▸ **Prompt**:
Could you report every line from the entries that includes the word "with"?
Start of Records shown
lemma gen_star_height_le_nonzero_words:
  assumes "finite A"
  shows "gen_star_height_le A {w \<in> lists A. nonzero_word \<psi> P w} k"
proof -
  have "finite {(x, y) \<in> A \<times> A. link \<psi> P x y = None}"
    by (rule finite_subset[of _ "A \<times> A"]) (use assms in auto)
  then show ?thesis
    unfolding nonzero_words_eq using assms
    by (intro gen_star_height_le_diff gen_star_height_le_lists gen_star_height_le_Nil
        gen_star_height_le_UN) (auto intro: gen_star_height_le_factor)
qed

lemma word_value_preimage_eq:
  assumes n: "n \<ge> 1"
  shows "{w \<in> plus_words A. word_value \<psi> P n w \<in> X} =
    (if None \<in> X then plus_words A - {w \<in> lists A. nonzero_word \<psi> P w} else {})
    \<union> (\<Union>(x, y, r)\<in>{(x, y, r) \<in> A \<times> A \<times> {..<n}. Some (letter_row \<psi> x, r, letter_col \<psi> y) \<in> X}.
        {w \<in> lists A. nonzero_word \<psi> P w} \<inter> {w \<in> lists A. w \<noteq> [] \<and> hd w = x}
        \<inter> {w \<in> lists A. w \<noteq> [] \<and> last w = y} \<inter> {w \<in> lists A. int (weight \<psi> P w) mod int n = int r})"
  (is "?L = ?R")
proof (intro equalityI subsetI)
  fix w assume "w \<in> ?L"
  then have w: "w \<in> lists A" "w \<noteq> []" and "word_value \<psi> P n w \<in> X"
    by (auto simp: plus_words_def)
  show "w \<in> ?R"
  proof (cases "nonzero_word \<psi> P w")
    case True
    have t: "(hd w, last w, weight \<psi> P w mod n) \<in>
        {(x, y, r) \<in> A \<times> A \<times> {..<n}. Some (letter_row \<psi> x, r, letter_col \<psi> y) \<in> X}"
      using True w n \<open>word_value \<psi> P n w \<in> X\<close> by (auto simp: word_value_def)
    show ?thesis
      by (intro UnI2 UN_I[OF t]) (use True w in \<open>auto simp: zmod_int\<close>)
  next
    case False
    with w \<open>word_value \<psi> P n w \<in> X\<close> show ?thesis by (auto simp: word_value_def plus_words_def)
  qed
next
  fix w assume "w \<in> ?R"
  then show "w \<in> ?L"
  proof (cases "w \<in> plus_words A \<and> \<not> nonzero_word \<psi> P w")
    case True
    with \<open>w \<in> ?R\<close> show ?thesis by (auto simp: word_value_def split: if_splits)
  next
    case False
    with \<open>w \<in> ?R\<close> obtain x y r where "r < n" "Some (letter_row \<psi> x, r, letter_col \<psi> y) \<in> X"
      and w: "w \<in> lists A" "nonzero_word \<psi> P w" "hd w = x" "last w = y" "weight \<psi> P w mod n = r"
      by (auto split: if_splits simp: plus_words_def simp flip: zmod_int)
    moreover have "w \<in> plus_words A" using w by (auto simp: plus_words_def nonzero_word_def)
    ultimately show ?thesis by (auto simp: word_value_def)
  qed
qed

lemma gen_star_height_le_word_value_preimage:
  assumes "n \<ge> 1" and "finite A"
  shows "gen_star_height_le A {w \<in> plus_words A. word_value \<psi> P n w \<in> X} 1"
proof -
  have nonzero: "gen_star_height_le A {w \<in> lists A. nonzero_word \<psi> P w} k" for k
    using assms(2) by (rule gen_star_height_le_nonzero_words)
  have "gen_star_height_le A (plus_words A) 1"
    unfolding plus_words_def by (intro gen_star_height_le_diff gen_star_height_le_lists gen_star_height_le_Nil)
  moreover have "residue_classes_sh1 A n (\<lambda>w. int (weight \<psi> P w))"
    unfolding weight_def using assms(2,1)
    by (rule residue_classes_sh1_letter_and_pair_weights[where q = "\<lambda>x y. the (link \<psi> P x y)"])
  moreover have "finite (A \<times> A \<times> {..<n})" using assms(2) by simp
  ultimately show ?thesis
    unfolding word_value_preimage_eq[OF assms(1)] using nonzero
    by (intro gen_star_height_le_union gen_star_height_le_UN)
      (auto simp: residue_classes_sh1_def gen_star_height_le_empty
        intro!: gen_star_height_le_diff gen_star_height_le_inter gen_star_height_le_hd gen_star_height_le_last
        elim: finite_subset[rotated])
qed

theorem theorem3p3:
  fixes n :: nat and I :: "'i set" and \<Lambda> :: "'l set"
    and P :: "'l \<Rightarrow> 'i \<Rightarrow> nat option"
    and A :: "'a set" and L :: "'a list set"
  assumes "n \<ge> 1" and "I \<noteq> {}" and "\<Lambda> \<noteq> {}"
    and "valid_sandwich n I \<Lambda> P"
    and "finite A"
    and "L \<subseteq> plus_words A"
    and "recognised_by A (rees0_carrier n I \<Lambda>) (rees0_mult n P) L"
  shows "gen_star_height_le A L 1"
proof -
  obtain \<psi> :: "'a list \<Rightarrow> ('i, 'l) rees0" and X
    where "\<forall>w\<in>plus_words A. \<psi> w \<in> rees0_carrier n I \<Lambda>"
      and "\<forall>u\<in>plus_words A. \<forall>v\<in>plus_words A. \<psi> (u @ v) = rees0_mult n P (\<psi> u) (\<psi> v)"
      and L: "L = {w \<in> plus_words A. \<psi> w \<in> X}"
    using assms(7) unfolding recognised_by_def by blast
  then have "\<And>w. w \<in> plus_words A \<Longrightarrow> \<psi> w = word_value \<psi> P n w"
    by (intro rees0_morphism_value) auto
  with L have "L = {w \<in> plus_words A. word_value \<psi> P n w \<in> X}"
    by auto
  with gen_star_height_le_word_value_preimage[OF assms(1,5)] show ?thesis by simp
qed

end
End of Records shown
▸ **Solution for this task**:
    with w \<open>word_value \<psi> P n w \<in> X\<close> show ?thesis by (auto simp: word_value_def plus_words_def)
    with \<open>w \<in> ?R\<close> show ?thesis by (auto simp: word_value_def split: if_splits)
    with \<open>w \<in> ?R\<close> obtain x y r where "r < n" "Some (letter_row \<psi> x, r, letter_col \<psi> y) \<in> X"
  with L have "L = {w \<in> plus_words A. word_value \<psi> P n w \<in> X}"
  with gen_star_height_le_word_value_preimage[OF assms(1,5)] show ?thesis by simp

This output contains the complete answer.